(* In the setting of the context, for every integer $k\ge 2$, \[ \lim_{N\to\infty}M_{2k}(N)\;<\;(2k-1)!!, \] where $(2k-1)!!=(2k-1)(2k-3)\cdots 3\cdot1$ is the $2k$-th moment of the standard Gaussian.
   Context: Let $p$ be a probability density on $\mathbb{R}$ with mean $0$, variance $1$ and finite moments of all orders. For $N\ge 1$, let $b_1,\dots,b_{N-1}$ be independent random variables with density $p$, set $b_0=0$, and let $A=A_N$ be the $N\times N$ real symmetric Toeplitz matrix with entries $a_{ij}=b_{|i-j|}$ ($1\le i,j\le N$). Let $\lambda_1(A),\dots,\lambda_N(A)$ be its eigenvalues. For an integer $k\ge 0$ define $M_k(A,N)=N^{-(k/2+1)}\sum_{i=1}^N\lambda_i(A)^k = N^{-(k/2+1)}\,\mathrm{Trace}(A^k)$, and $M_k(N)=\mathbb{E}[M_k(A,N)]$, the expectation over the random entries. The limit $\lim_{N\to\infty}M_{2k}(N)$ exists. *)

theory Defs
  imports "HOL-Probability.Probability" "Jordan_Normal_Form.Matrix"
begin

definition mat_trace :: "real mat \<Rightarrow> real" where
  "mat_trace A = (\<Sum>i<dim_row A. A $$ (i, i))"

definition toeplitz_mat :: "(nat \<Rightarrow> 'a \<Rightarrow> real) \<Rightarrow> nat \<Rightarrow> 'a \<Rightarrow> real mat" where
  "toeplitz_mat X N \<omega> =
     mat N N (\<lambda>(i, j). let d = (if i \<le> j then j - i else i - j) in
                        if d = 0 then 0 else X d \<omega>)"
(* Let $P$ be a finite set of points in the plane such that no two points of $P$ lie on a line parallel to a boundary ray of the cones (i.e. to a line making angle a multiple of $\pi/3$ with the positive $x$-axis), and let $G$ be the half-$\theta_6$-graph of $P$. Let $u,w\in P$ with $w$ in a positive cone of $u$. Let $m$ be the midpoint of the side of the canonical triangle $T_{uw}$ opposite $u$, and let $\alpha$ be the unsigned angle between the segments $uw$ and $um$. Then there exists a path between $u$ and $w$ in $G$ of length at most $$(\sqrt{3}\cos\alpha+\sin\alpha)\cdot|uw|,$$ all of whose vertices lie in $T_{uw}$.
   Context: Cones: for a point $u$, the plane is partitioned into six cones with apex $u$, bounded by the rays from $u$ at angles $j\pi/3$ ($j=0,\dots,5$) from the positive $x$-axis. In counterclockwise order starting from the positive $x$-axis they are labelled $\overline{C}_1, C_0, \overline{C}_2, C_1, \overline{C}_0, C_2$; the cones $C_0,C_1,C_2$ are called positive and $\overline{C}_0,\overline{C}_1,\overline{C}_2$ negative. Half-$\theta_6$-graph: for each point $u\in P$ and each positive cone $C$ of $u$ containing points of $P\setminus\{u\}$, add an edge from $u$ to the point of $P$ in $C$ whose orthogonal projection onto the bisector of $C$ is closest to $u$; edges are straight segments weighted by Euclidean length $|\cdot|$. Canonical triangle: if $v$ lies in a positive cone $C$ of $u$, $T_{uv}$ is the triangle bounded by the two boundary rays of $C$ and the line through $v$ perpendicular to the bisector of $C$ (an equilateral triangle with apex $u$). For every pair of points exactly one of $T_{uv}$, $T_{vu}$ is defined, and $uv$ is an edge iff its canonical triangle contains no other point of $P$. The length of a path is the sum of the Euclidean lengths of its edges. *)

theory Defs
  imports "HOL-Analysis.Analysis"
begin

text \<open>Positive cone C_i (i = 0,1,2) of u has bisector direction bis i, at angle
  pi/2 + 2 pi i / 3, i.e. pi/2, 7pi/6, 11pi/6; it is the cone of half-angle pi/6
  around the bisector.\<close>

definition bis :: "nat \<Rightarrow> complex" where
  "bis i = cis (pi/2 + 2*pi*real i/3)"

text \<open>v lies in the (open) positive cone C_i of u: the angle between v - u and
  the bisector is less than pi/6.  (Under general position no point lies on a
  cone boundary, so open/closed does not matter.)\<close>
definition in_pos_cone :: "complex \<Rightarrow> nat \<Rightarrow> complex \<Rightarrow> bool" where
  "in_pos_cone u i v \<longleftrightarrow> i < 3 \<and> v \<noteq> u \<and>
     inner (v - u) (bis i) > (sqrt 3 / 2) * norm (v - u)"

definition half_theta6_dedge :: "complex set \<Rightarrow> complex \<Rightarrow> complex \<Rightarrow> bool" where
  "half_theta6_dedge P u v \<longleftrightarrow> u \<in> P \<and> v \<in> P \<and>
     (\<exists>i<3. in_pos_cone u i v \<and>
        (\<forall>x\<in>P. in_pos_cone u i x \<longrightarrow> inner (v - u) (bis i) \<le> inner (x - u) (bis i)))"

definition half_theta6_edge :: "complex set \<Rightarrow> complex \<Rightarrow> complex \<Rightarrow> bool" where
  "half_theta6_edge P u v \<longleftrightarrow> half_theta6_dedge P u v \<or> half_theta6_dedge P v u"

definition canon_tri :: "complex \<Rightarrow> nat \<Rightarrow> complex \<Rightarrow> complex set" where
  "canon_tri u i v = {x. inner (x - u) (bis i) \<ge> (sqrt 3 / 2) * norm (x - u) \<and>
                         inner (x - u) (bis i) \<le> inner (v - u) (bis i)}"

definition opp_mid :: "complex \<Rightarrow> nat \<Rightarrow> complex \<Rightarrow> complex" where
  "opp_mid u i v = u + of_real (inner (v - u) (bis i)) * bis i"

definition seg_angle :: "complex \<Rightarrow> complex \<Rightarrow> complex \<Rightarrow> real" where
  "seg_angle a b c = arccos (inner (b - a) (c - a) / (norm (b - a) * norm (c - a)))"

definition gen_pos :: "complex set \<Rightarrow> bool" where
  "gen_pos P \<longleftrightarrow> (\<forall>p\<in>P. \<forall>q\<in>P. p \<noteq> q \<longrightarrow>
      (\<forall>k::int. \<not> (\<exists>t::real. q - p = of_real t * cis (real_of_int k * pi / 3))))"

definition is_path :: "complex set \<Rightarrow> complex list \<Rightarrow> bool" where
  "is_path P xs \<longleftrightarrow> xs \<noteq> [] \<and>
     (\<forall>k. Suc k < length xs \<longrightarrow> half_theta6_edge P (xs ! k) (xs ! Suc k))"

definition path_len :: "complex list \<Rightarrow> real" where
  "path_len xs = (\<Sum>k<length xs - 1. dist (xs ! k) (xs ! Suc k))"

end

theory Submission
  imports Defs
begin

text \<open>Induction on the number of points of \<open>P\<close> in \<open>T_uw\<close>.  Let \<open>a\<close> be the point of the positive
  cone of \<open>u\<close> containing \<open>w\<close> whose projection on the bisector is nearest, so \<open>ua\<close> is an edge.
  In coordinates \<open>(X, Y)\<close> of \<open>w - u\<close> across and along the bisector the claimed bound is
  \<open>sqrt 3 * Y + \<bar>X\<bar>\<close>, and \<open>|ua| \<le> sqrt 3 * Y\<^sub>a - \<bar>X\<^sub>a\<bar>\<close>.  Either \<open>w\<close> lies in the same cone of
  \<open>a\<close> and we recurse on \<open>T_aw\<close>, or \<open>a\<close> lies in one of the two adjacent positive cones of \<open>w\<close>
  and we recurse on \<open>T_wa\<close>.  In the second case no point of \<open>T_wa\<close> lies below \<open>a\<close>, so the
  positive cone of \<open>a\<close> on the far side is empty; this is why the induction carries the sharper
  bound \<open>sqrt 3 * Y \<mp> X\<close> for an empty side cone, which is exactly what makes the sums add up.\<close>

lemma bis_0: "bis 0 = \<i>"
  by (simp add: bis_def complex_eq_iff)

lemma bis_1: "bis 1 = Complex (- sqrt 3 / 2) (- 1 / 2)"
proof -
  have "pi/2 + 2*pi*real 1/3 = pi/6 + pi" by simp
  moreover have "cos (pi/6 + pi) = - sqrt 3 / 2" "sin (pi/6 + pi) = - 1 / 2"
    by (simp_all only: cos_periodic_pi sin_periodic_pi cos_30 sin_30)
  ultimately show ?thesis by (simp add: bis_def complex_eq_iff)
qed

lemma bis_2: "bis 2 = Complex (sqrt 3 / 2) (- 1 / 2)"
proof -
  have "pi/2 + 2*pi*real 2/3 = - (pi/6) + 2*pi" by simp
  moreover have "cos (- (pi/6) + 2*pi) = sqrt 3 / 2" "sin (- (pi/6) + 2*pi) = - 1 / 2"
    by (simp_all only: cos_periodic sin_periodic cos_minus sin_minus cos_30 sin_30)
  ultimately show ?thesis by (simp add: bis_def complex_eq_iff)
qed

definition cone_y :: "nat \<Rightarrow> complex \<Rightarrow> real" where
  "cone_y i v = inner v (bis i)"

definition cone_x :: "nat \<Rightarrow> complex \<Rightarrow> real" where
  "cone_x i v = inner v (bis i * - \<i>)"

lemma cone_coords_0: "cone_x 0 v = Re v" "cone_y 0 v = Im v"
  by (simp_all add: cone_x_def cone_y_def bis_0 inner_complex_def)
lemma kummer_fps_nth_Suc:
  assumes "\<forall>k::nat. c \<noteq> - of_nat k"
  shows "(of_nat n + 1) * (of_nat n + c) * fps_nth (kummer_fps a c) (Suc n)
           = (a + of_nat n) * fps_nth (kummer_fps a c) n"
proof -
  have "pochhammer c n \<noteq> 0" using assms by (auto simp: pochhammer_eq_0_iff)
  moreover have "of_nat n + c \<noteq> 0" using assms by (metis add.commute add_eq_0_iff2)
  moreover have "(of_nat n + 1 :: complex) \<noteq> 0" by (metis of_nat_Suc of_nat_neq_0 add.commute)
  moreover have "fps_nth (kummer_fps a c) (Suc n) = (a + of_nat n) * pochhammer a n
      / ((of_nat n + c) * pochhammer c n * ((of_nat n + 1) * fact n))"
    by (simp add: kummer_fps_def pochhammer_rec' fact_Suc add_ac mult_ac)
  ultimately show ?thesis
    by (simp add: kummer_fps_def)
qed

lemma kummer_fps_nth_0_to_5:
  "fps_nth (kummer_fps a c) 0 = 1"
  "fps_nth (kummer_fps a c) 1 = a / c"
  "fps_nth (kummer_fps a c) 2 = a*(a+1) / (2*c*(c+1))"
  "fps_nth (kummer_fps a c) 3 = a*(a+1)*(a+2) / (6*c*(c+1)*(c+2))"
  "fps_nth (kummer_fps a c) 4 = a*(a+1)*(a+2)*(a+3) / (24*c*(c+1)*(c+2)*(c+3))"
  "fps_nth (kummer_fps a c) 5 = a*(a+1)*(a+2)*(a+3)*(a+4) / (120*c*(c+1)*(c+2)*(c+3)*(c+4))"
  by (simp_all add: kummer_fps_def numeral_eq_Suc pochhammer_Suc fact_Suc mult_ac)
    (simp_all add: algebra_simps)

lemma summable_if_ratio_tendsto_0:
  fixes f r :: "nat \<Rightarrow> 'a::{banach, real_normed_div_algebra}"
  assumes f_Suc: "\<And>n. f (Suc n) = r n * f n" and "r \<longlonglongrightarrow> 0"
  shows "summable f"
proof -
  have "eventually (\<lambda>n. norm (r n) < 1/2) sequentially"
    using \<open>r \<longlonglongrightarrow> 0\<close> by (intro order_tendstoD(2)[OF tendsto_norm_zero]) simp_all
  then obtain N where N: "\<forall>n\<ge>N. norm (r n) < 1/2"
    unfolding eventually_sequentially by blast
  show ?thesis
  proof (rule summable_ratio_test[of "1/2" N])
    fix n assume "n \<ge> N"
    then have "norm (r n) * norm (f n) \<le> 1/2 * norm (f n)"
      using N by (intro mult_right_mono) auto
    then show "norm (f (Suc n)) \<le> 1/2 * norm (f n)"
      by (simp add: f_Suc norm_mult)
  qed simp
qed
(* Let $G=G_0=(V,E)$ be an infinite, connected, quasi-transitive, cubic graph with fundamental domain $W$, let $X\subseteq E$ be the set of edges incident to vertices of $W$, let $\phi$ be a local transformation and $G_1=\phi(G)$, in which the mid-edges of $E$ are regarded as mid-edges of $G_1$. Define, for $x>0$, \[ Z_0(x)=\sum_{\pi\in\Sigma_0}x^{|\pi|},\qquad Z_1^*(x)=\sum_{\pi\in\Sigma_1^*}x^{|\pi|}, \] where $\Sigma_0$ is the set of SAWs on $G_0$ starting at mid-edges of $X$, and $\Sigma_1^*$ is the set of SAWs on $G_1$ starting at mid-edges of $X$ and ending at mid-edges of $E$. Then $Z_0(g_\phi(x))=Z_1^*(x)$ for all $x>0$ (as identities in $[0,\infty]$). Moreover, letting $Z_1(x)=\sum_{\pi\in\Sigma_1}x^{|\pi|}$ with $\Sigma_1$ the set of SAWs on $G_1$ starting at mid-edges of $X_1$ (the edges of $G_1$ incident to vertices of the gadgets $\phi(v)$, $v\in W$), one has $Z_1(x)<\infty$ if and only if $Z_1^*(x)<\infty$.
   Context: All graphs are simple (no loops, no multiple edges). A graph $G=(V,E)$ is quasi-transitive if there is a finite $W\subseteq V$ such that every vertex is mapped into $W$ by some automorphism of $G$ (such $W$ is a fundamental domain); it is cubic if every vertex has degree $3$. Local transformation: a local transformation $\phi$ acts at a degree-$3$ vertex $v$ of a simple graph by replacing $v$ with a finite connected graph (the gadget) $\phi(v)$ having three distinct distinguished outer vertices (ports) $w_1,w_2,w_3$, each port being attached to exactly one of the three edges formerly incident to $v$ (one port per edge). It is required that (i) all gadgets $\phi(v)$ are isomorphic via isomorphisms sending ports to ports, and (ii) some subgroup of the automorphism group of $\phi(v)$ preserves the set $\{w_1,w_2,w_3\}$ and acts transitively on it. $\phi(G)$ denotes the graph obtained by applying $\phi$ at every degree-$3$ vertex of $G$. Mid-edge convention: each edge $e$ is identified with a point at its middle (also denoted $e$). Walks may start and end at mid-edges; such a walk is self-avoiding (a SAW) if it visits no vertex and no mid-edge more than once, and its length $|\pi|$ is the number of vertices it visits. Gadget series: for a degree-$3$ vertex $v$ with incident edges $e_1,e_2,e_3$, $g(x)=g_\phi(x)=\sum_{\pi}x^{|\pi|}$, where the sum is over all SAWs $\pi$ that start at the mid-edge of $e_1$, end at the mid-edge of $e_2$, and otherwise visit only vertices of the gadget $\phi(v)$. This polynomial does not depend on $v$ nor on the chosen pair of incident edges. *)

theory Defs
  imports "HOL-Analysis.Analysis" "HOL-Algebra.Bij"
begin

definition simple_graph :: "'a set \<Rightarrow> 'a set set \<Rightarrow> bool" where
  "simple_graph V E \<longleftrightarrow> (\<forall>e\<in>E. \<exists>u v. u \<in> V \<and> v \<in> V \<and> u \<noteq> v \<and> e = {u, v})"

definition adj :: "'a set set \<Rightarrow> 'a \<Rightarrow> 'a \<Rightarrow> bool" where
  "adj E u v \<longleftrightarrow> {u, v} \<in> E"

definition connected_graph :: "'a set \<Rightarrow> 'a set set \<Rightarrow> bool" where
  "connected_graph V E \<longleftrightarrow> V \<noteq> {} \<and> (\<forall>u\<in>V. \<forall>v\<in>V. (adj E)\<^sup>*\<^sup>* u v)"

definition incident_edges :: "'a set set \<Rightarrow> 'a \<Rightarrow> 'a set set" where
  "incident_edges E v = {e \<in> E. v \<in> e}"

definition cubic :: "'a set \<Rightarrow> 'a set set \<Rightarrow> bool" where
  "cubic V E \<longleftrightarrow> (\<forall>v\<in>V. card (incident_edges E v) = 3)"

definition graph_automorphism :: "'a set \<Rightarrow> 'a set set \<Rightarrow> ('a \<Rightarrow> 'a) \<Rightarrow> bool" where
  "graph_automorphism V E f \<longleftrightarrow> bij_betw f V V \<and>
     (\<forall>u\<in>V. \<forall>w\<in>V. {u, w} \<in> E \<longleftrightarrow> {f u, f w} \<in> E)"

text \<open>W is a fundamental domain: finite, and every vertex is mapped into W by an automorphism.
  (G is quasi-transitive iff such a W exists.)\<close>
definition fundamental_domain :: "'a set \<Rightarrow> 'a set set \<Rightarrow> 'a set \<Rightarrow> bool" where
  "fundamental_domain V E W \<longleftrightarrow> finite W \<and> W \<subseteq> V \<and>
     (\<forall>v\<in>V. \<exists>f. graph_automorphism V E f \<and> f v \<in> W)"

text \<open>A walk from mid-edge e through the vertices vs (in order) to mid-edge f.
  Its length is the number of vertices visited, i.e. length vs.\<close>

definition walk_edges :: "'a list \<Rightarrow> 'a set list" where
  "walk_edges vs = map (\<lambda>i. {vs ! i, vs ! Suc i}) [0..<length vs - 1]"

definition saw :: "'a set set \<Rightarrow> 'a set \<Rightarrow> 'a list \<Rightarrow> 'a set \<Rightarrow> bool" where
  "saw E e vs f \<longleftrightarrow> e \<in> E \<and> f \<in> E \<and> distinct vs \<and>
     (vs = [] \<longrightarrow> e = f) \<and>
     (vs \<noteq> [] \<longrightarrow> hd vs \<in> e \<and> last vs \<in> f \<and> set (walk_edges vs) \<subseteq> E \<and>
        distinct (e # walk_edges vs @ [f]))"

definition saw_gen :: "'a set set \<Rightarrow> ('a set \<times> 'a list \<times> 'a set) set" where
  "saw_gen E = {(e, vs, f). saw E e vs f}"

definition walk_series :: "('a set \<times> 'a list \<times> 'a set) set \<Rightarrow> real \<Rightarrow> ennreal" where
  "walk_series S x = (\<Sum>\<^sub>\<infinity>\<pi>\<in>S. ennreal x ^ length (fst (snd \<pi>)))"

definition gadget :: "'g set \<Rightarrow> 'g set set \<Rightarrow> 'g \<Rightarrow> 'g \<Rightarrow> 'g \<Rightarrow> bool" where
  "gadget K EH w1 w2 w3 \<longleftrightarrow> finite K \<and> simple_graph K EH \<and> connected_graph K EH \<and>
     w1 \<in> K \<and> w2 \<in> K \<and> w3 \<in> K \<and> w1 \<noteq> w2 \<and> w1 \<noteq> w3 \<and> w2 \<noteq> w3 \<and>
     (\<exists>\<Gamma>. subgroup \<Gamma> (BijGroup K) \<and>
        (\<forall>\<gamma>\<in>\<Gamma>. graph_automorphism K EH \<gamma> \<and> \<gamma> ` {w1, w2, w3} = {w1, w2, w3}) \<and>
        (\<forall>p\<in>{w1, w2, w3}. \<forall>q\<in>{w1, w2, w3}. \<exists>\<gamma>\<in>\<Gamma>. \<gamma> p = q))"

definition port_assignment ::
  "'v set \<Rightarrow> 'v set set \<Rightarrow> 'g set \<Rightarrow> ('v \<Rightarrow> 'v set \<Rightarrow> 'g) \<Rightarrow> bool" where
  "port_assignment V E P port \<longleftrightarrow> (\<forall>v\<in>V. bij_betw (port v) (incident_edges E v) P)"

text \<open>The graph \<phi>(G): vertex v is replaced by the copy {v} \<times> K of the gadget; the edge
  e = {u,v} of G becomes the edge joining (u, port u e) and (v, port v e).\<close>
definition lt_vertices :: "'v set \<Rightarrow> 'g set \<Rightarrow> ('v \<times> 'g) set" where
  "lt_vertices V K = V \<times> K"

definition lt_edge :: "('v \<Rightarrow> 'v set \<Rightarrow> 'g) \<Rightarrow> 'v set \<Rightarrow> ('v \<times> 'g) set" where
  "lt_edge port e = (\<lambda>u. (u, port u e)) ` e"

definition lt_edges ::
  "'v set \<Rightarrow> 'v set set \<Rightarrow> 'g set set \<Rightarrow> ('v \<Rightarrow> 'v set \<Rightarrow> 'g) \<Rightarrow> ('v \<times> 'g) set set" where
  "lt_edges V E EH port =
     {{(v, a), (v, b)} | v a b. v \<in> V \<and> {a, b} \<in> EH} \<union> lt_edge port ` E"

text \<open>The gadget series g_\<phi>(x): SAWs in \<phi>(G) from the mid-edge of e1 to the mid-edge of e2
  (two distinct edges incident to a vertex v of G), visiting only vertices of \<phi>(v).
  Computed at some vertex v and some pair of incident edges (by the paper it does not
  depend on these choices).\<close>
definition gadget_series ::
  "'v set \<Rightarrow> 'v set set \<Rightarrow> 'g set \<Rightarrow> 'g set set \<Rightarrow> ('v \<Rightarrow> 'v set \<Rightarrow> 'g) \<Rightarrow> real \<Rightarrow> real" where
  "gadget_series V E K EH port x =
     (let v = (SOME v. v \<in> V);
          (e1, e2) = (SOME (e1, e2). e1 \<in> incident_edges E v \<and> e2 \<in> incident_edges E v \<and> e1 \<noteq> e2)
      in \<Sum>(e, vs, f) \<in> {(e, vs, f). saw (lt_edges V E EH port) e vs f \<and>
                            e = lt_edge port e1 \<and> f = lt_edge port e2 \<and> set vs \<subseteq> {v} \<times> K}.
           x ^ length vs)"

end

(*
  A self-avoiding walk of \<phi>(G) between two mid-edges of G runs through a sequence of
  gadgets.  Recording which gadgets it crosses gives a self-avoiding walk \<pi> of G: a gadget has
  only three ports, so in a cubic graph it cannot be crossed twice.  Conversely \<pi> lifts back
  by choosing, independently for every vertex v of \<pi>, a walk inside \<phi>(v) between the ports
  of the two edges of \<pi> at v.  Reversal and the symmetries of the gadget give every pair of
  distinct ports the same generating function g(x), so summing over these choices turns the
  weight of \<pi> into g(x)^|\<pi>|.

  A walk of \<phi>(G) starting next to the fundamental domain either never visits a mid-edge of
  G, and then stays in one of finitely many gadgets, or it is a walk counted by Z_1^* with a
  prefix and a suffix inside single gadgets added.  There are boundedly many such prefixes and
  suffixes, each of at most |K| vertices, so Z_1(x) is at most a constant plus a constant
  multiple of Z_1^*(x); the converse bound is inclusion.
*)
theory Submission
  imports Defs
begin

lemma split_first_block:
  assumes "xs \<noteq> []"
  obtains v ls ys where "xs = map (Pair v) ls @ ys" "ls \<noteq> []" "ys \<noteq> [] \<Longrightarrow> fst (hd ys) \<noteq> v"
proof -
  let ?v = "fst (hd xs)"
  let ?A = "takeWhile (\<lambda>q. fst q = ?v) xs" and ?B = "dropWhile (\<lambda>q. fst q = ?v) xs"
  have "map (Pair v) (map snd (takeWhile (\<lambda>q. fst q = v) ys)) = takeWhile (\<lambda>q. fst q = v) ys"
    for v :: 'a and ys :: "('a \<times> 'b) list"
    by (induction ys) auto
  then have "xs = map (Pair ?v) (map snd ?A) @ ?B" by simp
  moreover have "map snd ?A \<noteq> []" using assms by (cases xs) auto
  moreover have "fst (hd ?B) \<noteq> ?v" if "?B \<noteq> []"
    using hd_dropWhile[OF that] .
  ultimately show thesis by (rule that)
qed

lemma map_Pair_append_eq_iff:
  assumes "v \<notin> fst ` set ys" "v \<notin> fst ` set ys'"
  shows "map (Pair v) ls @ ys = map (Pair v) ls' @ ys' \<longleftrightarrow> ls = ls' \<and> ys = ys'"
proof
  assume eq: "map (Pair v) ls @ ys = map (Pair v) ls' @ ys'"
  have take: "takeWhile (\<lambda>q. fst q = v) (map (Pair v) l @ zs) = map (Pair v) l"
    and drop: "dropWhile (\<lambda>q. fst q = v) (map (Pair v) l @ zs) = zs"
    if "v \<notin> fst ` set zs" for l zs
    using that by (induction l; cases zs; force)+
  from arg_cong[OF eq, of "takeWhile (\<lambda>q. fst q = v)"] have "map (Pair v) ls = map (Pair v) ls'"
    unfolding take[OF assms(1)] take[OF assms(2)] .
  moreover from arg_cong[OF eq, of "dropWhile (\<lambda>q. fst q = v)"] have "ys = ys'"
    unfolding drop[OF assms(1)] drop[OF assms(2)] .
  ultimately show "ls = ls' \<and> ys = ys'" by (simp add: inj_on_def)
qed simp

definition distinct_lists :: "'a set \<Rightarrow> 'a list set" where
  "distinct_lists A = {xs. set xs \<subseteq> A \<and> distinct xs}"

lemma finite_distinct_lists: "finite A \<Longrightarrow> finite (distinct_lists A)"
  unfolding distinct_lists_def by (rule finite_subset_distinct)

lemma length_le_card_if_distinct_lists: "finite A \<Longrightarrow> xs \<in> distinct_lists A \<Longrightarrow> length xs \<le> card A"
  unfolding distinct_lists_def by (metis (mono_tags) card_mono distinct_card mem_Collect_eq)

lemma rev_distinct_lists: "xs \<in> distinct_lists A \<Longrightarrow> rev xs \<in> distinct_lists A"
  by (simp add: distinct_lists_def)

lemma power_sum_list: "(c :: 'a::monoid_mult) ^ sum_list ns = prod_list (map (\<lambda>n. c ^ n) ns)"
  by (induction ns) (auto simp: power_add)

lemma mem_set_Cons_iff: "xs \<in> set_Cons A L \<longleftrightarrow> (\<exists>a as. xs = a # as \<and> a \<in> A \<and> as \<in> L)"
  by (auto simp: set_Cons_def)

lemma set_Cons_eq_image: "set_Cons A L = (\<lambda>(a, as). a # as) ` (A \<times> L)"
  by (auto simp: set_Cons_def)

lemma finite_listset: "(\<And>A. A \<in> set As \<Longrightarrow> finite A) \<Longrightarrow> finite (listset As)"
  by (induction As) (auto simp: set_Cons_eq_image)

* **Problem to work on**:
Lines with "most": copy every one of them from the listing above.

* **Output for this exercise**:
(* Let $P$ be a finite set of points in the plane such that no two points of $P$ lie on a line parallel to a boundary ray of the cones (i.e. to a line making angle a multiple of $\pi/3$ with the positive $x$-axis), and let $G$ be the half-$\theta_6$-graph of $P$. Let $u,w\in P$ with $w$ in a positive cone of $u$. Let $m$ be the midpoint of the side of the canonical triangle $T_{uw}$ opposite $u$, and let $\alpha$ be the unsigned angle between the segments $uw$ and $um$. Then there exists a path between $u$ and $w$ in $G$ of length at most $$(\sqrt{3}\cos\alpha+\sin\alpha)\cdot|uw|,$$ all of whose vertices lie in $T_{uw}$.
  suffixes, each of at most |K| vertices, so Z_1(x) is at most a constant plus a constant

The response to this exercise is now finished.